I've been trying to understand how to accomplish this very simple task of plotting two datasets, each with a different color, but nothing i found online seems to do it. Here is some sample code:
import pandas as pd
import numpy as np
import holoviews as hv
from holoviews import opts
hv.extension('bokeh')
ds1x = np.random.randn(1000)
ds1y = np.random.randn(1000)
ds2x = np.random.randn(1000) * 1.5
ds2y = np.random.randn(1000) + 1
ds1 = pd.DataFrame({'dsx' : ds1x, 'dsy' : ds1y})

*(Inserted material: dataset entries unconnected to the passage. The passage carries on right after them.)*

lemma brownian_log_penalised_tail:
  fixes M :: "'a measure" and B :: "real \<Rightarrow> 'a \<Rightarrow> real"
  assumes bm: "standard_brownian_motion M B"
    and q: "1 < q" and \<theta>: "0 \<le> \<theta>" "\<theta> < 1/2" and bq: "b * q \<le> \<theta>" and qa: "q < a * \<theta>"
    and y: "0 \<le> y"
  shows "measure M {\<omega>\<in>space M.
           (SUP t\<in>{0<..}. ereal (B t \<omega> ^ 2 / t - a * ln (1 + \<bar>ln t\<bar>))) > ereal y}
    \<le> 4 / sqrt (1 - 2*\<theta>) * (\<Sum>m. (1 + real m * ln q) powr (-(a*\<theta>/q))) * exp (-b*y)"
proof -
  interpret prob_space M using standard_brownian_motionD(1)[OF bm] .
  have "0 < a * \<theta>" using q qa by linarith
  then have "0 < a" using \<theta>(1) by (auto simp: zero_less_mult_iff)
  define C where "C = 4 / sqrt (1 - 2*\<theta>) * exp (-b*y)"
  define w where "w m = (1 + real m * ln q) powr (-(a*\<theta>/q))" for m :: nat
  define z where "z m = (y + a * ln (1 + real m * ln q)) / q" for m :: nat
  define U where "U m = {\<omega>\<in>space M. \<exists>T\<in>{q^Suc m, 1 / q^m}. \<exists>s\<in>{0..T}. T * z m < (B s \<omega>)\<^sup>2}" for m
  have U: "U m \<in> sets M" "prob (U m) \<le> C * w m" for m
  proof -
    have z: "0 \<le> z m" using q y \<open>0 < a\<close> by (simp add: z_def)
    have T: "0 < q^Suc m" "0 < 1/q^m" using q by simp_all
    note tail = brownian_max_square_tail_two_horizons[OF bm T \<theta> z]
    show "U m \<in> sets M" using tail(1) by (simp add: U_def)
    have "prob (U m) \<le> 4 / sqrt (1 - 2*\<theta>) * exp (-\<theta> * z m)"
      using tail(2) by (simp add: U_def)
    also have "\<dots> \<le> 4 / sqrt (1 - 2*\<theta>) * (exp (-b*y) * w m)"
      unfolding z_def w_def using exp_penalised_level_le[of q b \<theta> y "real m * ln q" a] q bq y \<theta>
      by (intro mult_left_mono) auto
    finally show "prob (U m) \<le> C * w m" by (simp add: C_def ac_simps)
  qed
  have "1 < a * \<theta> / q" using q qa by (simp add: pos_less_divide_eq)
  then have "summable w"
    unfolding w_def using q by (intro summable_one_plus_linear_powr) simp_all
  then have "summable (\<lambda>m. C * w m)" by (rule summable_mult)
  then have summable_U: "summable (\<lambda>m. prob (U m))"
    by (rule summable_comparison_test'[where N=0]) (use U(2) in simp)
  let ?E = "{\<omega>\<in>space M. (SUP t\<in>{0<..}. ereal (B t \<omega> ^ 2 / t - a * ln (1 + \<bar>ln t\<bar>))) > ereal y}"
  have "?E \<subseteq> (\<Union>m. U m)"
  proof
    fix \<omega> assume "\<omega> \<in> ?E"
    then have \<omega>: "\<omega> \<in> space M"
      and "ereal y < (SUP t\<in>{0<..}. ereal (B t \<omega> ^ 2 / t - a * ln (1 + \<bar>ln t\<bar>)))" by auto
    from SUP_log_penalised_exceedance_cover[OF q less_imp_le[OF \<open>0 < a\<close>] y, of "\<lambda>t. B t \<omega>", OF this(2)]
    obtain m where "\<exists>T\<in>{q^Suc m, 1 / q^m}. \<exists>s\<in>{0..T}. T * z m < (B s \<omega>)\<^sup>2"
      unfolding z_def[symmetric] by blast
    then show "\<omega> \<in> (\<Union>m. U m)" unfolding U_def using \<omega> by blast
  qed
  then have "measure M ?E \<le> measure M (\<Union>m. U m)"
  proof (cases "?E \<in> sets M")
    case True
    then show ?thesis using \<open>?E \<subseteq> (\<Union>m. U m)\<close> U(1) by (intro finite_measure_mono) auto
  qed (simp add: measure_notin_sets)
  also have "\<dots> \<le> (\<Sum>m. prob (U m))"
    using U(1) summable_U by (intro finite_measure_subadditive_countably) auto
  also have "\<dots> \<le> (\<Sum>m. C * w m)"
    using summable_U \<open>summable w\<close> U(2) by (intro suminf_le summable_mult) auto
  also have "\<dots> = C * suminf w"
    using \<open>summable w\<close> by (rule suminf_mult)
  finally show ?thesis unfolding C_def w_def[abs_def] by (simp add: ac_simps)
qed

ds2 = pd.DataFrame({'dsx' : ds2x, 'dsy' : ds2y})
ds1['source'] = ['ds1'] * len(ds1.index)
ds2['source'] = ['ds2'] * len(ds2.index)
ds = pd.concat([ds1, ds2])
Goal is to produce two datasets in a single frame, with a categorical column keeping track of the source. Then i try plotting a scatter plot.
scatter = hv.Scatter(ds, 'dsx', 'dsy')
scatter
And that works as expected. But i cannot seem to understand how to color the two datasets differently based on the source
column. I tried the following:
scatter = hv.Scatter(ds, 'dsx', 'dsy', color='source')
scatter = hv.Scatter(ds, 'dsx', 'dsy', cmap='source')
Both throw warnings and no color. I tried this:
scatter = hv.Scatter(ds, 'dsx', 'dsy')
scatter.opts(color='source')
Which throws an error. I tried converting the thing to a Holoviews dataset, same type of thing.
Why is something that is supposed to be so simple so obscure?
P.S. Yes, i know i can split the data and overlay two scatter plots and that will give different colors. But surely there has to be a way to accomplish this based on categorical data.